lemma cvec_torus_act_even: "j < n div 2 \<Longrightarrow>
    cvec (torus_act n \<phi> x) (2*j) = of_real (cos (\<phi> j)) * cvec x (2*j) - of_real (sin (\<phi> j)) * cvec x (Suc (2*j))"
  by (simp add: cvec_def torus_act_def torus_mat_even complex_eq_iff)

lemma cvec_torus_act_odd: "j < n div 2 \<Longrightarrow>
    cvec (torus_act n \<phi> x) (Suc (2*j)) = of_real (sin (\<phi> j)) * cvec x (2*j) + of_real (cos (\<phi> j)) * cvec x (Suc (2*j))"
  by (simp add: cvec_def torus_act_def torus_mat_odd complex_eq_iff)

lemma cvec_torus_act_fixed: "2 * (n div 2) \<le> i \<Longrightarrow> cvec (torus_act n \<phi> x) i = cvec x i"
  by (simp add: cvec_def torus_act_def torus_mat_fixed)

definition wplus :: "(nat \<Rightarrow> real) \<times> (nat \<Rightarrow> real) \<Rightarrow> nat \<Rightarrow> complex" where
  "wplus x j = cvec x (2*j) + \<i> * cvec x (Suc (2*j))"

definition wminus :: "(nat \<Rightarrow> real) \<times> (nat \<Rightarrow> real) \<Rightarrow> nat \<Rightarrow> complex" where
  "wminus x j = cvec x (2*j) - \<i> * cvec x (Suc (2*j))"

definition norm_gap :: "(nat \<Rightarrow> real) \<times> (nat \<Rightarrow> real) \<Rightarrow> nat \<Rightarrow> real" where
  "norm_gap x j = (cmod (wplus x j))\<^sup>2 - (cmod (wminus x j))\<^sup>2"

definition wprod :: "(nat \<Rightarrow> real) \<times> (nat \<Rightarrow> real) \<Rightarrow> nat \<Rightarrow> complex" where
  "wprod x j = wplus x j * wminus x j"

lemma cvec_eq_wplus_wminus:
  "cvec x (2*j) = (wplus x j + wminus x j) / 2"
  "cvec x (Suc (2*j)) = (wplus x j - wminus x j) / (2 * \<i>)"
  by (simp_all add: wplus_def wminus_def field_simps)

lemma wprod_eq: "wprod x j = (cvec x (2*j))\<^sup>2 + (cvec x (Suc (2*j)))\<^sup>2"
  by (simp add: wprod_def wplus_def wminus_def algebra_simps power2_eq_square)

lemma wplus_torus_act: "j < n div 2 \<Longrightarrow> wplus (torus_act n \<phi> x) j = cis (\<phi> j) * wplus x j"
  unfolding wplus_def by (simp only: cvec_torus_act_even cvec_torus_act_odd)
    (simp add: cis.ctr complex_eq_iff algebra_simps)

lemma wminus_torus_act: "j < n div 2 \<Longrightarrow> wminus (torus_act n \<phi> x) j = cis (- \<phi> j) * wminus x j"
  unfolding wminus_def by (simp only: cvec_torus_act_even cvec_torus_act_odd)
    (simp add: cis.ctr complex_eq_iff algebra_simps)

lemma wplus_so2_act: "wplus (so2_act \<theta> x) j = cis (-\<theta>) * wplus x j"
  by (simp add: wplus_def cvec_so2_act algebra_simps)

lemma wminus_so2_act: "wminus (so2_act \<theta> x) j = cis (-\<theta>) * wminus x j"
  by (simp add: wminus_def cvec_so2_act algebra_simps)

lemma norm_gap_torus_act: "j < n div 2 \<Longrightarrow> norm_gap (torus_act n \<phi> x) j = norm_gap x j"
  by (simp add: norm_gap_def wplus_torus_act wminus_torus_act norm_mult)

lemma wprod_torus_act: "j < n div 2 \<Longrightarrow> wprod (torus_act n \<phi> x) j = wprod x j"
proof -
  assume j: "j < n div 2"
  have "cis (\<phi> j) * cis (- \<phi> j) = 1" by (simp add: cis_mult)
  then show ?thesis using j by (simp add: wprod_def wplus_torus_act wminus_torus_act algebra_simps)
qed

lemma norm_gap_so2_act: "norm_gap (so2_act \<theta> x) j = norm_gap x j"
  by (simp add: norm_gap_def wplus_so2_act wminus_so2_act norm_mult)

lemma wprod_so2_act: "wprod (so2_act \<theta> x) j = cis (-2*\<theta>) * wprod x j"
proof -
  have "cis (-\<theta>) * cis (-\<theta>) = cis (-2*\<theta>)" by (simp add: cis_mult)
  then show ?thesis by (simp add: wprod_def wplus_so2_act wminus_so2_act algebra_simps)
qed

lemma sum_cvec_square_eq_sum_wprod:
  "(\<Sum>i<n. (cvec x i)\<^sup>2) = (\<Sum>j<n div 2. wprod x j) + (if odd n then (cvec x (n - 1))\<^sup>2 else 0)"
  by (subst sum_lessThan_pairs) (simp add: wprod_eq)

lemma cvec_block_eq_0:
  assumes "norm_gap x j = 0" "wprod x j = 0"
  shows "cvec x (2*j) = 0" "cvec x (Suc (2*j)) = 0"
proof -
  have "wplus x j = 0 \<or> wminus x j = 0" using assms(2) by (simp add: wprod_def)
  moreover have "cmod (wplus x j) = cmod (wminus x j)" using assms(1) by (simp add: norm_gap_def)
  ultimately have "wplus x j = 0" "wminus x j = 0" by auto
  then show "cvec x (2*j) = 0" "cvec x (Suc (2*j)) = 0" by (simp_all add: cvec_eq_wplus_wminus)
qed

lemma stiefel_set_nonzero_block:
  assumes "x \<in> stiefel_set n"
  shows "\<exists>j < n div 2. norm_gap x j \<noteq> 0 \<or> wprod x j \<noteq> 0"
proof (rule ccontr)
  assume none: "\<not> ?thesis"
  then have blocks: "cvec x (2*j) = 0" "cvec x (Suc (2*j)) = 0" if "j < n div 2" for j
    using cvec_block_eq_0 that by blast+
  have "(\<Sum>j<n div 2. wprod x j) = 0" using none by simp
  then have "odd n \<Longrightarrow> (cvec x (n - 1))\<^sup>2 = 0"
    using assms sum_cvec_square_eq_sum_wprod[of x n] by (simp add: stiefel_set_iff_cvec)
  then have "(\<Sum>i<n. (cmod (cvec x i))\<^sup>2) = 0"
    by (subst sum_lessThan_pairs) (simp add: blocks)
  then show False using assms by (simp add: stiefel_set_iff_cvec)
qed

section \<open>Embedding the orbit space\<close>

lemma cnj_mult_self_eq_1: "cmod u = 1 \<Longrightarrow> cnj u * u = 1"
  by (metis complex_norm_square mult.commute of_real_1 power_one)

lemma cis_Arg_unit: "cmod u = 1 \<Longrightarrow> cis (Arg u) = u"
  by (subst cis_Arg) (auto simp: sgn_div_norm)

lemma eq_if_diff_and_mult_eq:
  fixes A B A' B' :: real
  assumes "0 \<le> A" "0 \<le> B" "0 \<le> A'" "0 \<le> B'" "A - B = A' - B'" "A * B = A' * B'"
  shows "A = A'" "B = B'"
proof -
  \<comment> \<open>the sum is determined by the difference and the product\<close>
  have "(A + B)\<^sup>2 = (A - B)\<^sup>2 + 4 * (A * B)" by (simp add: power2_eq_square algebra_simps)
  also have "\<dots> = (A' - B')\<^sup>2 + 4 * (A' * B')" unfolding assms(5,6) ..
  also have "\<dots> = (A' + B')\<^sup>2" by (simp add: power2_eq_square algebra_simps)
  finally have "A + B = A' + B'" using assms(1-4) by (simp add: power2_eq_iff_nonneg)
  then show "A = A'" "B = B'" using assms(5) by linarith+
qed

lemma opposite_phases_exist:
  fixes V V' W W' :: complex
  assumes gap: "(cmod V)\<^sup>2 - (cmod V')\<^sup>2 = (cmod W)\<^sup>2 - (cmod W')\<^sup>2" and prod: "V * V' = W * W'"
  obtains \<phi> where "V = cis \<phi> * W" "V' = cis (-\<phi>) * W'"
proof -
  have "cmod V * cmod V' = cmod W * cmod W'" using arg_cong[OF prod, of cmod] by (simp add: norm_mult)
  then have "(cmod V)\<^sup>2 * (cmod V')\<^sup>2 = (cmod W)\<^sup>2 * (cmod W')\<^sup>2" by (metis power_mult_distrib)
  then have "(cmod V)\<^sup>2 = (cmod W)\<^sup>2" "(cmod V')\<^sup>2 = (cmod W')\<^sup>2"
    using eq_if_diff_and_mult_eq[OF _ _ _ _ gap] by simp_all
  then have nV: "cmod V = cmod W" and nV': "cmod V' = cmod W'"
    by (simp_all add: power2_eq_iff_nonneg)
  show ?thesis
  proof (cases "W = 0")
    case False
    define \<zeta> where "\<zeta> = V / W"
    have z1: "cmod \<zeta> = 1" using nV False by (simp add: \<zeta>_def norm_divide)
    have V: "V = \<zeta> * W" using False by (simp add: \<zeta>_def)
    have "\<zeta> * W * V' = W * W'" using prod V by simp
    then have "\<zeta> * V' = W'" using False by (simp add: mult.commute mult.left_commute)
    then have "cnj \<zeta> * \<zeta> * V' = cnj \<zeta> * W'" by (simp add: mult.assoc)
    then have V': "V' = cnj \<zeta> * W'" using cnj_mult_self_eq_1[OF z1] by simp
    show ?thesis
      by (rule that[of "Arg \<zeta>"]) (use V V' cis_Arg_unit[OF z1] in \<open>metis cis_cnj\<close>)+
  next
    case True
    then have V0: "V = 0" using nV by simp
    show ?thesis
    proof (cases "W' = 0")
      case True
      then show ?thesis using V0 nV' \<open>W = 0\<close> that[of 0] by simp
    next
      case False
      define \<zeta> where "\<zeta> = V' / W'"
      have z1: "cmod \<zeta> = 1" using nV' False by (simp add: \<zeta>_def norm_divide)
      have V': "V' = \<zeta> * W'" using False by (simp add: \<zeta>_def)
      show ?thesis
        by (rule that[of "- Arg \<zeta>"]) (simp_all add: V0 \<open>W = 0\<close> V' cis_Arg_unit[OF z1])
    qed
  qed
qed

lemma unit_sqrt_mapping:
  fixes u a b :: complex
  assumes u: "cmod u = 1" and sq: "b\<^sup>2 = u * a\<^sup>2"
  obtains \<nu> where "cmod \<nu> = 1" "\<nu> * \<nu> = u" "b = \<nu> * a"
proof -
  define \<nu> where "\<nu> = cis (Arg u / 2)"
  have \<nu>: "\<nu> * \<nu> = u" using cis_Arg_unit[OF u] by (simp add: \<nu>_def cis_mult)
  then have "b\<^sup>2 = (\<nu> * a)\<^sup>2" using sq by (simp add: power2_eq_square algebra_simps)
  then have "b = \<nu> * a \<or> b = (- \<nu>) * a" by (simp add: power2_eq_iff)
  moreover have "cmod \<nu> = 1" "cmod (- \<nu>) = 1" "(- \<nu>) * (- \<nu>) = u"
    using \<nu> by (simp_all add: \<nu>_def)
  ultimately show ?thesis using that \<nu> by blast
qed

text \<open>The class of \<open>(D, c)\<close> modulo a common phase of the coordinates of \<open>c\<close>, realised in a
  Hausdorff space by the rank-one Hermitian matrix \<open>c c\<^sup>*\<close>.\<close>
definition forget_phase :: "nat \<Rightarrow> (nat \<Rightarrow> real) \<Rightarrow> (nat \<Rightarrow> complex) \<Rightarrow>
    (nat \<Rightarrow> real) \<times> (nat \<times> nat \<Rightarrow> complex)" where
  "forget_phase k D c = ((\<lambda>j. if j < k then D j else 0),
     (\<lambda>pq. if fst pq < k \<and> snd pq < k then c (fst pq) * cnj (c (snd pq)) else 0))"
• • • •
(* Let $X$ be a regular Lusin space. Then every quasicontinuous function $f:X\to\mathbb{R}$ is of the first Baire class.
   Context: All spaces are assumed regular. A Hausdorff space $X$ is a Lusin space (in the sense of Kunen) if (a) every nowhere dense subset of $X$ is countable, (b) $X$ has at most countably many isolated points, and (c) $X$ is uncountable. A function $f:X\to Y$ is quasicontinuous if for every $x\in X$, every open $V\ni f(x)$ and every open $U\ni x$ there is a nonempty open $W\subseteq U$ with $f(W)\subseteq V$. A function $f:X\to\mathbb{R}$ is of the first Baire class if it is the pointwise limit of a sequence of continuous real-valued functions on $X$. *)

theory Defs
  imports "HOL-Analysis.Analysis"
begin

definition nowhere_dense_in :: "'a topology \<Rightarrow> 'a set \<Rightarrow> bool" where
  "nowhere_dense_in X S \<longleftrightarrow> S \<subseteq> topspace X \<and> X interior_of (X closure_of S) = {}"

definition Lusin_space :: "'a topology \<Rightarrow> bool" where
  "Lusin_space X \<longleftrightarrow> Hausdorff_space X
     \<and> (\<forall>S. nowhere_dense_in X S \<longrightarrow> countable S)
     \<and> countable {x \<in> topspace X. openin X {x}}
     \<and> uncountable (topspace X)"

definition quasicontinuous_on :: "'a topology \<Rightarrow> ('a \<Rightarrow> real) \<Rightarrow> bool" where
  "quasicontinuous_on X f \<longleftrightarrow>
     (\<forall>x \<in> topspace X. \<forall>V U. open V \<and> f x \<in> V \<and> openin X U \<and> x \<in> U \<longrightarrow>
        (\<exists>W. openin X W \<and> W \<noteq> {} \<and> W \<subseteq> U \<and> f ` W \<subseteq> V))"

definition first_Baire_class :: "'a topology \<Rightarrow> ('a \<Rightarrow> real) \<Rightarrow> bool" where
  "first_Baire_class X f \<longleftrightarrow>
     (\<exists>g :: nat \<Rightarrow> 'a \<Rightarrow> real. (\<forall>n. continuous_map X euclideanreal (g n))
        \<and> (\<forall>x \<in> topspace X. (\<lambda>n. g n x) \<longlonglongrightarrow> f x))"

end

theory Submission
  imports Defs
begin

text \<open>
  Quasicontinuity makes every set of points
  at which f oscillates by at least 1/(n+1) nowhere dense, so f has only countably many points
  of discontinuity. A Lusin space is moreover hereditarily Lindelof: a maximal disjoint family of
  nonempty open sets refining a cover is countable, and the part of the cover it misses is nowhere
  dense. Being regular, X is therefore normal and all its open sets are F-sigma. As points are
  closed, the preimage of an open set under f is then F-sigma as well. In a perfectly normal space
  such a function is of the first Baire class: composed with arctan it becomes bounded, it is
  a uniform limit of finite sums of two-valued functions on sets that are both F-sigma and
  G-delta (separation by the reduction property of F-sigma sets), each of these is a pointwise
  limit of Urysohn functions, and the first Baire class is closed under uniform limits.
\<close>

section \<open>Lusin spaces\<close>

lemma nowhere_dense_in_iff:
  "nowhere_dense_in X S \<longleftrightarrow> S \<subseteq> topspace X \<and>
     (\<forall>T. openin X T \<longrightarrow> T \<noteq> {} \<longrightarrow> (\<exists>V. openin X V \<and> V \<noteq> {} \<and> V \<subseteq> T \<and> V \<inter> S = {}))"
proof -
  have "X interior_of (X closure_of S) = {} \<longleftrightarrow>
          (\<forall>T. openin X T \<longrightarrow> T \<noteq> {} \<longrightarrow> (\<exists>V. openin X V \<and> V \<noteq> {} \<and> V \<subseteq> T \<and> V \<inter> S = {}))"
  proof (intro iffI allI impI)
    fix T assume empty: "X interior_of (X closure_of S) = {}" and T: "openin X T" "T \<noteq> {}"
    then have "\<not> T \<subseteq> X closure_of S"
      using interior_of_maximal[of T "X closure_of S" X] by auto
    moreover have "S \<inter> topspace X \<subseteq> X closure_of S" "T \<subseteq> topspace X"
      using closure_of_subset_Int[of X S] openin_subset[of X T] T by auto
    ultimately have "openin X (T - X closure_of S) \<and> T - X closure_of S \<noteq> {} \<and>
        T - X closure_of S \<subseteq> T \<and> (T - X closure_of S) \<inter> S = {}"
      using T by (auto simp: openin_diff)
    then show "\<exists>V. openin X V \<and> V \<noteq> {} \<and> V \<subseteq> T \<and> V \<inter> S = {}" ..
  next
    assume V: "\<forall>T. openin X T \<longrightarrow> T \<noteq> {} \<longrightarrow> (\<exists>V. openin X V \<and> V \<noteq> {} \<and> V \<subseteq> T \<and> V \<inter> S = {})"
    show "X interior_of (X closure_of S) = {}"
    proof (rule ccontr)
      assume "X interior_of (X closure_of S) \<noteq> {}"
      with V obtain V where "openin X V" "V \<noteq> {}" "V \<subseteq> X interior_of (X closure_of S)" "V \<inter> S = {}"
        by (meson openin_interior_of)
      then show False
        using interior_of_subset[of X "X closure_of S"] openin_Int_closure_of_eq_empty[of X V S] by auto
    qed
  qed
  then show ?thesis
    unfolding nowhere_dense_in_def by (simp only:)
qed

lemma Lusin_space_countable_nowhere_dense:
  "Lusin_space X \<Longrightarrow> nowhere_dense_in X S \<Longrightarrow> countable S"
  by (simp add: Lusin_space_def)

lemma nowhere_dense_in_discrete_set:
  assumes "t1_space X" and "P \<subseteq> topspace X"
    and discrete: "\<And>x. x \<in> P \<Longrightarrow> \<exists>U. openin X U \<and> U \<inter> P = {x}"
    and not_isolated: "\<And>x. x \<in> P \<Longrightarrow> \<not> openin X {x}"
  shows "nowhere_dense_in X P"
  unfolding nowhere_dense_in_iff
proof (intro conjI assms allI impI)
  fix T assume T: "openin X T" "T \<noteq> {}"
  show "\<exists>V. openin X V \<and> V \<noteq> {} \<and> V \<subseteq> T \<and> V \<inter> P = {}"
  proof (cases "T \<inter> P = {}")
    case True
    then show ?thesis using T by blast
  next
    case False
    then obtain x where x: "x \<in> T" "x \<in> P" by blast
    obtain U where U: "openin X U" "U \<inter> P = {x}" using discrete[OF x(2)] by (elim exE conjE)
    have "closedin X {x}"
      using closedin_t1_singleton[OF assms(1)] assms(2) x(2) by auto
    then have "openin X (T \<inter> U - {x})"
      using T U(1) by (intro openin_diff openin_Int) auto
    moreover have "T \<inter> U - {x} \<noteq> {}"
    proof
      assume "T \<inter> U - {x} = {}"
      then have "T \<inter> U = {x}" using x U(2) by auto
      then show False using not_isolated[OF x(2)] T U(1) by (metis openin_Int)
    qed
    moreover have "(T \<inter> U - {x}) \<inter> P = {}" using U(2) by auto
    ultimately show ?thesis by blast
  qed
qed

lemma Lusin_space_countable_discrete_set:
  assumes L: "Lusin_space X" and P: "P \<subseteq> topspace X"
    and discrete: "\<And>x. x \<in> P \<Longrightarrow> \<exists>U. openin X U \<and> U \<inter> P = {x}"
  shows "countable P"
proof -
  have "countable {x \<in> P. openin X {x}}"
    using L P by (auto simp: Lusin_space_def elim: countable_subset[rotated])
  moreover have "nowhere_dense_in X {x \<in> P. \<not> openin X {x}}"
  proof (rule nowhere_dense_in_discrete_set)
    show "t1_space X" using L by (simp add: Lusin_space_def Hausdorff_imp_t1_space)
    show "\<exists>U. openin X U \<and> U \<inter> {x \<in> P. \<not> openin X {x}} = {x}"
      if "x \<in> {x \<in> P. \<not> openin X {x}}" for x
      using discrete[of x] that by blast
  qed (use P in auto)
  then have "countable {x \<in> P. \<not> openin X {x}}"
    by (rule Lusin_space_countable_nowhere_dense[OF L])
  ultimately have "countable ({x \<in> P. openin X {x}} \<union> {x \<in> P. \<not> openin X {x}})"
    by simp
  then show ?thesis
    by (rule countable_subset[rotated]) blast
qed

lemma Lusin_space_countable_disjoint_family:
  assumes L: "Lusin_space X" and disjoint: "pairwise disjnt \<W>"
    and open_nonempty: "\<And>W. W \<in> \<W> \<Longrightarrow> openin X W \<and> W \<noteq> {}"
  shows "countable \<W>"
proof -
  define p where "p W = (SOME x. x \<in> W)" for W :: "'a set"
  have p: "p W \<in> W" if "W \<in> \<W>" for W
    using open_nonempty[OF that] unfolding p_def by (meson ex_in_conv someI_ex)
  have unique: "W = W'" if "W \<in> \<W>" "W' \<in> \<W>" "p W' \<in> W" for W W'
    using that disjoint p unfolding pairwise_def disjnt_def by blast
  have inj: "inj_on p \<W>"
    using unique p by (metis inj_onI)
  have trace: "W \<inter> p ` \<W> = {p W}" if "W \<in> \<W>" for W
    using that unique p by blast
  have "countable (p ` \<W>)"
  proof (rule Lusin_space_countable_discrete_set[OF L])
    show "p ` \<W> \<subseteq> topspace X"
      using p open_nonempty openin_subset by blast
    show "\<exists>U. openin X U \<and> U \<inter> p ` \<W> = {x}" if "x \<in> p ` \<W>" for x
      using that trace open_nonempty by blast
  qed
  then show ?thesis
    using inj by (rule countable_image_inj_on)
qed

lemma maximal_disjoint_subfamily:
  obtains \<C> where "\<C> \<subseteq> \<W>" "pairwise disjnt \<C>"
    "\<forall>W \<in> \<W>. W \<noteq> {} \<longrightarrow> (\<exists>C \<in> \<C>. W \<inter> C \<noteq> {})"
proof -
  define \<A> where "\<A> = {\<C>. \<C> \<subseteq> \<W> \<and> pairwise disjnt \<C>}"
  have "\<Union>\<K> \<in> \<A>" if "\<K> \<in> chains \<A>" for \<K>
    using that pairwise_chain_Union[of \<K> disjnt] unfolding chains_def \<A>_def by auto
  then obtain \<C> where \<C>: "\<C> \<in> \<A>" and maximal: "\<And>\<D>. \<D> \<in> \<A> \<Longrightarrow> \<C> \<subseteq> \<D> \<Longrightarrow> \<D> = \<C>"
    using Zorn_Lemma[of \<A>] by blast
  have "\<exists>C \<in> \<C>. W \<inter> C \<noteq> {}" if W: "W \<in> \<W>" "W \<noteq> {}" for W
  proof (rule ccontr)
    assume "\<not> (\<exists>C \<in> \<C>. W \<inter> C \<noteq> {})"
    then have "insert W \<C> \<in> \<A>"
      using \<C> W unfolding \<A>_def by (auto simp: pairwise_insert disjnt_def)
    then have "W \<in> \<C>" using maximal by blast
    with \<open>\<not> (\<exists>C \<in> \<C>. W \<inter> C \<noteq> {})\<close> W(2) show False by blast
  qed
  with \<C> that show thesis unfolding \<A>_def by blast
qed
• • • •
** YOUR OBJECTIVE **
From the records above, copy out the line with "using interior_of_subset[of X", the line with "add: Lusin_space_def Hausdorff_imp_t1_space)", and every line between them, word for word.

** SOLUTION FOR THIS PROBLEM **
        using interior_of_subset[of X "X closure_of S"] openin_Int_closure_of_eq_empty[of X V S] by auto
    qed
  qed
  then show ?thesis
    unfolding nowhere_dense_in_def by (simp only:)
qed

lemma Lusin_space_countable_nowhere_dense:
  "Lusin_space X \<Longrightarrow> nowhere_dense_in X S \<Longrightarrow> countable S"
  by (simp add: Lusin_space_def)

lemma nowhere_dense_in_discrete_set:
  assumes "t1_space X" and "P \<subseteq> topspace X"
    and discrete: "\<And>x. x \<in> P \<Longrightarrow> \<exists>U. openin X U \<and> U \<inter> P = {x}"
    and not_isolated: "\<And>x. x \<in> P \<Longrightarrow> \<not> openin X {x}"
  shows "nowhere_dense_in X P"
  unfolding nowhere_dense_in_iff
proof (intro conjI assms allI impI)
  fix T assume T: "openin X T" "T \<noteq> {}"
  show "\<exists>V. openin X V \<and> V \<noteq> {} \<and> V \<subseteq> T \<and> V \<inter> P = {}"
  proof (cases "T \<inter> P = {}")
    case True
    then show ?thesis using T by blast
  next
    case False
    then obtain x where x: "x \<in> T" "x \<in> P" by blast
    obtain U where U: "openin X U" "U \<inter> P = {x}" using discrete[OF x(2)] by (elim exE conjE)
    have "closedin X {x}"
      using closedin_t1_singleton[OF assms(1)] assms(2) x(2) by auto
    then have "openin X (T \<inter> U - {x})"
      using T U(1) by (intro openin_diff openin_Int) auto
    moreover have "T \<inter> U - {x} \<noteq> {}"
    proof
      assume "T \<inter> U - {x} = {}"
      then have "T \<inter> U = {x}" using x U(2) by auto
      then show False using not_isolated[OF x(2)] T U(1) by (metis openin_Int)
    qed
    moreover have "(T \<inter> U - {x}) \<inter> P = {}" using U(2) by auto
    ultimately show ?thesis by blast
  qed
qed

lemma Lusin_space_countable_discrete_set:
  assumes L: "Lusin_space X" and P: "P \<subseteq> topspace X"
    and discrete: "\<And>x. x \<in> P \<Longrightarrow> \<exists>U. openin X U \<and> U \<inter> P = {x}"
  shows "countable P"
proof -
  have "countable {x \<in> P. openin X {x}}"
    using L P by (auto simp: Lusin_space_def elim: countable_subset[rotated])
  moreover have "nowhere_dense_in X {x \<in> P. \<not> openin X {x}}"
  proof (rule nowhere_dense_in_discrete_set)
    show "t1_space X" using L by (simp add: Lusin_space_def Hausdorff_imp_t1_space)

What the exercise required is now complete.